'I seen her.'
'When did you last see her?'
Gemini shrugged. 'Long time now, innit.'
'Have you ever seen anyone leaving with any of these girls?'
Gemini gave a derisory laugh. He knew how the question was angled. 'Now why you arxing me this dibby dibby question, boy? And dem say English police is clever!'
'Are you going to answer me?'
'I know what yous is like.'
The cop became very still. He was staring at his hands. Gemini could see his anger spreading out under the smooth white skin. When he looked up his pupils had narrowed to pinpoints. 'Mr, uh?'
'Mr No-one to you.'
'Ah, yes, of course. Mr No-one.' He lifted his hands; they'd left sweat prints on the table. 'Well, Mr No-one, Mr Fuck all, I didn't understand your last comment. Was it, by any chance' — he leaned in, his lips peeled away from his teeth, his voice low — 'a slur on the law-keeping force in this country, the country which has generously supported you, and will support any number of piccaninnies that you spawn, house you, feed you and pick up the pieces after you mug some poor little old lady of her pension. Is that what it was?'
'You's a racist man,' Gemini said, smiling lazily. 'I might be stupid nigger boy to you, but me know me rights. I know what de PCA is. I read de Macpherson report.'
The cop didn't flinch. 'If you really read the Macpherson report you'd know you haven't got a leg to stand on. No-one can hear what I'm saying. I can spade, darkie, nigger, sooty you all I like.' He smiled. He was enjoying this. 'I can throw it all at you. And you know what? At the end of the day it's your word against mine. With every little jungle bunny in the system jumping up and down and shouting ''racist'', you think anyone is going to listen to you, you low-life little shit?'
Gemini's composure drained out of him. 'I ain't have to listen to this.' He stood up. 'You want me to help you, Raas, you come get me.'
The cop was on his feet in a second, blocking the door. 'Where the fuck do you think you're going?' he said pleasantly. The words slipped out like honey. 'Nigger cunt.'
And Gemini snapped. Grabbing a pint from the nearest table he threw it in the cop's face. The cop wasn't quick enough to close his eyes. The beer made contact, and he spun away, his hands flying up to his face.
'You little shit!'
But Gemini was out of the door before anyone could react.

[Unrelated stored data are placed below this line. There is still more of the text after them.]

(* There exist pairs of measurement channels $\Phi_M,\Phi_N$ corresponding to commuting $2$-outcome POVMs ($[M_0,N_0]=[M_1,N_1]=0$) that form a Maximal Entanglement Best Case pair. For instance, $M_0=\begin{pmatrix}0.9&0\\0&0.6\end{pmatrix}$, $M_1=I-M_0$, $N_0=\begin{pmatrix}0.5&0\\0&0.2\end{pmatrix}$, $N_1=I-N_0$, for which $M_0-N_0=0.4\,I_2$, give a MEBC pair.
   Context: The measurement channel of a POVM $M$ is $\Phi_M(\rho)=\sum_i\operatorname{Tr}(\rho M_i)\,|i\rangle\langle i|$. With $\Delta_\Phi=\Phi_M-\Phi_N$, Choi operator $J(\mathcal{S})=\sum_{ij}\mathcal{S}(|i\rangle\langle j|)\otimes|i\rangle\langle j|$, input dimension $d$, ME-norm $\|\mathcal{S}\|_{\mathrm{ME}}=\|J(\mathcal{S})/d\|_1$ and diamond norm $\|\mathcal{S}\|_\diamond=\max_{\rho_{AA'}}\|(\mathcal{S}\otimes I_{A'})\rho_{AA'}\|_1$, the pair is Maximal Entanglement Best Case (MEBC) if $\|\Delta_\Phi\|_{\mathrm{ME}}=\|\Delta_\Phi\|_\diamond$, i.e. a maximally entangled input state is optimal for discriminating the two channels with uniform priors. *)

theory Defs
  imports Complex_Main "Jordan_Normal_Form.Matrix"
begin

definition mtrace :: "complex mat \<Rightarrow> complex" where
  "mtrace A = (\<Sum>i<dim_row A. A $$ (i,i))"

definition adjoint :: "complex mat \<Rightarrow> complex mat" where
  "adjoint A = mat (dim_col A) (dim_row A) (\<lambda>(i,j). cnj (A $$ (j,i)))"

definition psd :: "nat \<Rightarrow> complex mat \<Rightarrow> bool" where
  "psd n A \<longleftrightarrow> A \<in> carrier_mat n n \<and> adjoint A = A \<and>
     (\<forall>v \<in> carrier_vec n. 0 \<le> Re (\<Sum>i<n. \<Sum>j<n. cnj (v $ i) * A $$ (i,j) * v $ j))"

definition mat_sqrt :: "nat \<Rightarrow> complex mat \<Rightarrow> complex mat" where
  "mat_sqrt n A = (THE B. psd n B \<and> B * B = A)"

definition trace_norm :: "complex mat \<Rightarrow> real" where
  "trace_norm X = Re (mtrace (mat_sqrt (dim_col X) (adjoint X * X)))"

definition density :: "nat \<Rightarrow> complex mat \<Rightarrow> bool" where
  "density n \<rho> \<longleftrightarrow> psd n \<rho> \<and> mtrace \<rho> = 1"

definition ketbra :: "nat \<Rightarrow> nat \<Rightarrow> nat \<Rightarrow> complex mat" where
  "ketbra n i j = mat n n (\<lambda>(a,b). if a = i \<and> b = j then 1 else 0)"

text \<open>Kronecker (tensor) product, first factor is the most significant index.\<close>
definition kron :: "complex mat \<Rightarrow> complex mat \<Rightarrow> complex mat" where
  "kron A B = mat (dim_row A * dim_row B) (dim_col A * dim_col B)
     (\<lambda>(i,j). A $$ (i div dim_row B, j div dim_col B) * B $$ (i mod dim_row B, j mod dim_col B))"

text \<open>A map \<open>S\<close> from d x d matrices to k x k matrices.
  Choi operator \<open>J(S) = \<Sum>_{ij} S(|i\<rangle>\<langle>j|) \<otimes> |i\<rangle>\<langle>j|\<close> (sum written entrywise).\<close>
definition choi :: "nat \<Rightarrow> nat \<Rightarrow> (complex mat \<Rightarrow> complex mat) \<Rightarrow> complex mat" where
  "choi d k S = mat (k*d) (k*d)
     (\<lambda>(r,c). \<Sum>i<d. \<Sum>j<d. kron (S (ketbra d i j)) (ketbra d i j) $$ (r,c))"

text \<open>Block (a,b) of a matrix on \<open>A \<otimes> A'\<close> with dim A = d, dim A' = n.\<close>
definition block :: "nat \<Rightarrow> nat \<Rightarrow> complex mat \<Rightarrow> nat \<Rightarrow> nat \<Rightarrow> complex mat" where
  "block d n \<rho> a b = mat d d (\<lambda>(i,j). \<rho> $$ (i*n + a, j*n + b))"

text \<open>\<open>(S \<otimes> I_{A'}) \<rho>\<close> where \<open>\<rho> = \<Sum>_{ab} block_{ab} \<otimes> |a\<rangle>\<langle>b|\<close>.\<close>
definition ext_id :: "nat \<Rightarrow> nat \<Rightarrow> nat \<Rightarrow> (complex mat \<Rightarrow> complex mat) \<Rightarrow> complex mat \<Rightarrow> complex mat" where
  "ext_id d k n S \<rho> = mat (k*n) (k*n)
     (\<lambda>(r,c). \<Sum>a<n. \<Sum>b<n. kron (S (block d n \<rho> a b)) (ketbra n a b) $$ (r,c))"

definition me_norm :: "nat \<Rightarrow> nat \<Rightarrow> (complex mat \<Rightarrow> complex mat) \<Rightarrow> real" where
  "me_norm d k S = trace_norm ((1 / of_nat d) \<cdot>\<^sub>m choi d k S)"

definition diamond_norm :: "nat \<Rightarrow> nat \<Rightarrow> (complex mat \<Rightarrow> complex mat) \<Rightarrow> real" where
  "diamond_norm d k S = Sup {trace_norm (ext_id d k n S \<rho>) | n \<rho>. 1 \<le> n \<and> density (d*n) \<rho>}"

definition is_povm :: "nat \<Rightarrow> nat \<Rightarrow> (nat \<Rightarrow> complex mat) \<Rightarrow> bool" where
  "is_povm d K M \<longleftrightarrow> (\<forall>i<K. psd d (M i)) \<and>
     (\<forall>r<d. \<forall>c<d. (\<Sum>i<K. M i $$ (r,c)) = (1\<^sub>m d) $$ (r,c))"

definition meas_channel :: "nat \<Rightarrow> (nat \<Rightarrow> complex mat) \<Rightarrow> complex mat \<Rightarrow> complex mat" where
  "meas_channel K M \<rho> = mat K K (\<lambda>(i,j). if i = j then mtrace (\<rho> * M i) else 0)"

definition MEBC :: "nat \<Rightarrow> nat \<Rightarrow> (nat \<Rightarrow> complex mat) \<Rightarrow> (nat \<Rightarrow> complex mat) \<Rightarrow> bool" where
  "MEBC d K M N \<longleftrightarrow>
     (let \<Delta> = (\<lambda>\<rho>. meas_channel K M \<rho> - meas_channel K N \<rho>)
      in me_norm d K \<Delta> = diamond_norm d K \<Delta>)"

definition M0ex :: "complex mat" where
  "M0ex = mat 2 2 (\<lambda>(i,j). if i = j then (if i = 0 then 0.9 else 0.6) else 0)"
definition N0ex :: "complex mat" where
  "N0ex = mat 2 2 (\<lambda>(i,j). if i = j then (if i = 0 then 0.5 else 0.2) else 0)"
definition Mex :: "nat \<Rightarrow> complex mat" where
  "Mex i = (if i = 0 then M0ex else 1\<^sub>m 2 - M0ex)"
definition Nex :: "nat \<Rightarrow> complex mat" where
  "Nex i = (if i = 0 then N0ex else 1\<^sub>m 2 - N0ex)"

end

theory Submission
  imports Defs
begin

text \<open>If \<open>M\<^sub>i - N\<^sub>i = x\<^sub>i I\<close> for every outcome \<open>i\<close>, the difference \<open>\<Delta>\<close> of the two measurement
  channels is the trace-and-prepare map \<open>Y \<mapsto> tr(Y) diag(x)\<close>. Then
  \<open>(\<Delta> \<otimes> id)(\<rho>) = diag(x) \<otimes> tr\<^sub>A \<rho>\<close> for every state \<open>\<rho>\<close> on \<open>A \<otimes> A'\<close>, whose trace norm is
  \<open>\<Sum>\<^sub>i |x\<^sub>i| tr \<rho> = \<Sum>\<^sub>i |x\<^sub>i|\<close> independently of \<open>\<rho>\<close>; so the maximally entangled state, like every
  other state, attains the diamond norm. Trace norms are computed through the uniqueness of
  positive semidefinite square roots: for psd \<open>T\<close>, \<open>diag(x) \<otimes> T\<close> is hermitian with square
  \<open>(diag|x| \<otimes> T)\<^sup>2\<close>.\<close>

lemma sum_lessThan_mult_split:
  fixes g :: "nat \<Rightarrow> 'a::comm_monoid_add"
  shows "(\<Sum>r<k*n. g r) = (\<Sum>i<k. \<Sum>a<n. g (i*n + a))"
proof -
  have "(\<Sum>r<k*n. g r) = (\<Sum>i<k. sum g {i*n..<i*n + n})"
    by (rule sum.nat_group[symmetric])
  also have "\<dots> = (\<Sum>i<k. \<Sum>a<n. g (i*n + a))"
  proof (rule sum.cong[OF refl])
    fix i
    show "sum g {i*n..<i*n + n} = (\<Sum>a<n. g (i*n + a))"
      using sum.shift_bounds_nat_ivl[of g 0 "i*n" n] by (simp add: atLeast0LessThan add.commute)
  qed
  finally show ?thesis .
qed

lemma sum_sum_delta_outer:
  fixes i k n :: nat and H :: "nat \<Rightarrow> nat \<Rightarrow> 'a::comm_monoid_add"
  assumes "i < k"
  shows "(\<Sum>j<k. \<Sum>b<n. if j = i then H j b else 0) = (\<Sum>b<n. H i b)"
proof -
  have "(\<Sum>j<k. \<Sum>b<n. if j = i then H j b else 0) = (\<Sum>j<k. if j = i then \<Sum>b<n. H j b else 0)"
    by (intro sum.cong refl) simp
  also have "\<dots> = (\<Sum>b<n. H i b)"
    using assms by (subst sum.delta) auto
  finally show ?thesis .
qed

lemma block_index_less [simp]:
  fixes i k a n :: nat
  assumes "i < k" "a < n"
  shows "i*n + a < k*n"
proof -
  have "i*n + a < Suc i * n" using assms(2) by simp
  also have "\<dots> \<le> k*n" using assms(1) by (intro mult_le_mono1) simp
  finally show ?thesis .
qed

lemma index_mult_mat_sum:
  assumes "A \<in> carrier_mat m n" "B \<in> carrier_mat n p" "i < m" "j < p"
  shows "(A * B) $$ (i,j) = (\<Sum>t<n. A $$ (i,t) * B $$ (t,j))"
  using assms by (simp add: scalar_prod_def lessThan_atLeast0)

lemma dim_kron [simp]:
  "dim_row (kron A B) = dim_row A * dim_row B" "dim_col (kron A B) = dim_col A * dim_col B"
  by (simp_all add: kron_def)

lemma index_kron [simp]:
  assumes "r < dim_row A * dim_row B" "s < dim_col A * dim_col B"
  shows "kron A B $$ (r,s) =
    A $$ (r div dim_row B, s div dim_col B) * B $$ (r mod dim_row B, s mod dim_col B)"
  using assms by (simp add: kron_def)

lemma kron_carrier_mat [simp]:
  assumes "A \<in> carrier_mat k k'" "B \<in> carrier_mat n n'"
  shows "kron A B \<in> carrier_mat (k*n) (k'*n')"
  using carrier_matD[OF assms(1)] carrier_matD[OF assms(2)] by (intro carrier_matI) simp_all

lemma div_mod_less_of_less_mult:
  fixes r k n :: nat
  assumes "r < k*n"
  shows "r div n < k" "r mod n < n"
proof -
  have "0 < n" using assms by (cases "n = 0") auto
  then show "r div n < k" "r mod n < n" using assms by (auto simp: less_mult_imp_div_less)
qed

lemma adjoint_kron: "adjoint (kron A B) = kron (adjoint A) (adjoint B)"
proof (rule eq_matI)
  fix r s assume "r < dim_row (kron (adjoint A) (adjoint B))" "s < dim_col (kron (adjoint A) (adjoint B))"
  then have "r < dim_col A * dim_col B" "s < dim_row A * dim_row B"
    by (simp_all add: adjoint_def)
  then show "adjoint (kron A B) $$ (r,s) = kron (adjoint A) (adjoint B) $$ (r,s)"
    by (simp add: adjoint_def div_mod_less_of_less_mult)
qed (simp_all add: adjoint_def)

lemma mult_kron:
  assumes A: "A \<in> carrier_mat k k" and C: "C \<in> carrier_mat k k"
    and B: "B \<in> carrier_mat n n" and D: "D \<in> carrier_mat n n"
  shows "kron A B * kron C D = kron (A * C) (B * D)"
proof (rule eq_matI)
  fix r s assume "r < dim_row (kron (A * C) (B * D))" "s < dim_col (kron (A * C) (B * D))"
  then have rs: "r < k*n" "s < k*n" using A B C D by simp_all
  note bounds = div_mod_less_of_less_mult[OF rs(1)] div_mod_less_of_less_mult[OF rs(2)]
  have "(kron A B * kron C D) $$ (r,s) = (\<Sum>t<k*n. kron A B $$ (r,t) * kron C D $$ (t,s))"
    using A B C D rs by (intro index_mult_mat_sum) auto
  also have "\<dots> = (\<Sum>j<k. \<Sum>b<n. kron A B $$ (r, j*n + b) * kron C D $$ (j*n + b, s))"
    by (rule sum_lessThan_mult_split)
  also have "\<dots> = (\<Sum>j<k. \<Sum>b<n. (A $$ (r div n, j) * C $$ (j, s div n)) *
                                   (B $$ (r mod n, b) * D $$ (b, s mod n)))"
    using A B C D rs by (intro sum.cong refl) (simp add: mult_ac)
  also have "\<dots> = (\<Sum>j<k. A $$ (r div n, j) * C $$ (j, s div n)) *
                    (\<Sum>b<n. B $$ (r mod n, b) * D $$ (b, s mod n))"
    by (simp add: sum_product)
  also have "\<dots> = (A * C) $$ (r div n, s div n) * (B * D) $$ (r mod n, s mod n)"
    using index_mult_mat_sum[OF A C bounds(1,3)] index_mult_mat_sum[OF B D bounds(2,4)] by simp
  also have "\<dots> = kron (A * C) (B * D) $$ (r,s)"
    using A B C D rs by simp
  finally show "(kron A B * kron C D) $$ (r,s) = kron (A * C) (B * D) $$ (r,s)" .
qed (use A B C D in simp_all)

lemma mtrace_diff:
  assumes "A \<in> carrier_mat n n" "B \<in> carrier_mat n n"
  shows "mtrace (A - B) = mtrace A - mtrace B"
proof -
  have "mtrace (A - B) = (\<Sum>i<n. A $$ (i,i) - B $$ (i,i))"
    using assms unfolding mtrace_def by (intro sum.cong) auto
  then show ?thesis
    using assms by (simp add: mtrace_def sum_subtractf)
qed

lemma mtrace_smult:
  assumes "A \<in> carrier_mat n n"
  shows "mtrace (c \<cdot>\<^sub>m A) = c * mtrace A"
  using assms unfolding mtrace_def sum_distrib_left by (intro sum.cong) auto

lemma mtrace_kron:
  assumes "A \<in> carrier_mat k k" "B \<in> carrier_mat n n"
  shows "mtrace (kron A B) = mtrace A * mtrace B"
  using assms by (simp add: mtrace_def sum_lessThan_mult_split sum_product)

lemma smult_kron: "c \<cdot>\<^sub>m kron A B = kron (c \<cdot>\<^sub>m A) B"
  by (rule eq_matI) (simp_all add: mult.assoc div_mod_less_of_less_mult)

section \<open>Positive semidefinite matrices and their square roots\<close>

definition quad_form :: "nat \<Rightarrow> complex mat \<Rightarrow> (nat \<Rightarrow> complex) \<Rightarrow> complex" where
  "quad_form n B f = (\<Sum>i<n. \<Sum>j<n. cnj (f i) * B $$ (i,j) * f j)"

lemma psdI:
  assumes "B \<in> carrier_mat n n" "adjoint B = B" "\<And>f. 0 \<le> Re (quad_form n B f)"
  shows "psd n B"
  using assms by (simp add: psd_def quad_form_def)

lemma psd_carrier: "psd n B \<Longrightarrow> B \<in> carrier_mat n n"
  by (simp add: psd_def)

lemma psd_adjoint: "psd n B \<Longrightarrow> adjoint B = B"
  by (simp add: psd_def)

lemma psd_quad_form_nonneg:
  assumes "psd n B"
  shows "0 \<le> Re (quad_form n B f)"
proof -
  have "vec n f \<in> carrier_vec n" by simp
  with assms have "0 \<le> Re (quad_form n B (\<lambda>i. vec n f $ i))"
    unfolding psd_def quad_form_def by blast
  also have "quad_form n B (\<lambda>i. vec n f $ i) = quad_form n B f"
    unfolding quad_form_def by (intro sum.cong refl) simp
  finally show ?thesis .
qed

To Caffery, standing at the bottom of the stairs, the whole encounter seemed to have the slow-motion surrealism of a silent film. The two men had been smiling, talking almost casually, then in the next second Diamond was doubled over, clutching his face as if he'd been glassed. Caffery expected blood, but Diamond quickly wiped his eyes and spun out of the door, jacket flapping. Two of F team leapt up, interviews forgotten, to stand in the doorway, letting the rain splatter their shirts as they stared off down the street at their DI.
They didn't have to wait long. Mel Diamond reappeared in the doorway, breathing hard, his jacket dark with rain and beer.
'It's OK.' He leaned over and spat on the pavement. 'Got his index. The little shit.'
On the way back to Shrivemoor, Caffery drove. Maddox sat next to him, his wet raincoat folded inside out on his lap, Essex and Logan slouched in the back, smelling vaguely of beer. Caffery was silent. In the wing mirror he could see the Sierra following at a short distance. Diamond drove. Caffery caught glimpses of him talking and laughing each time the wipers cleared the windscreen: the Sierra was misty with condensation, the Jaguar's windows remained cold and clear.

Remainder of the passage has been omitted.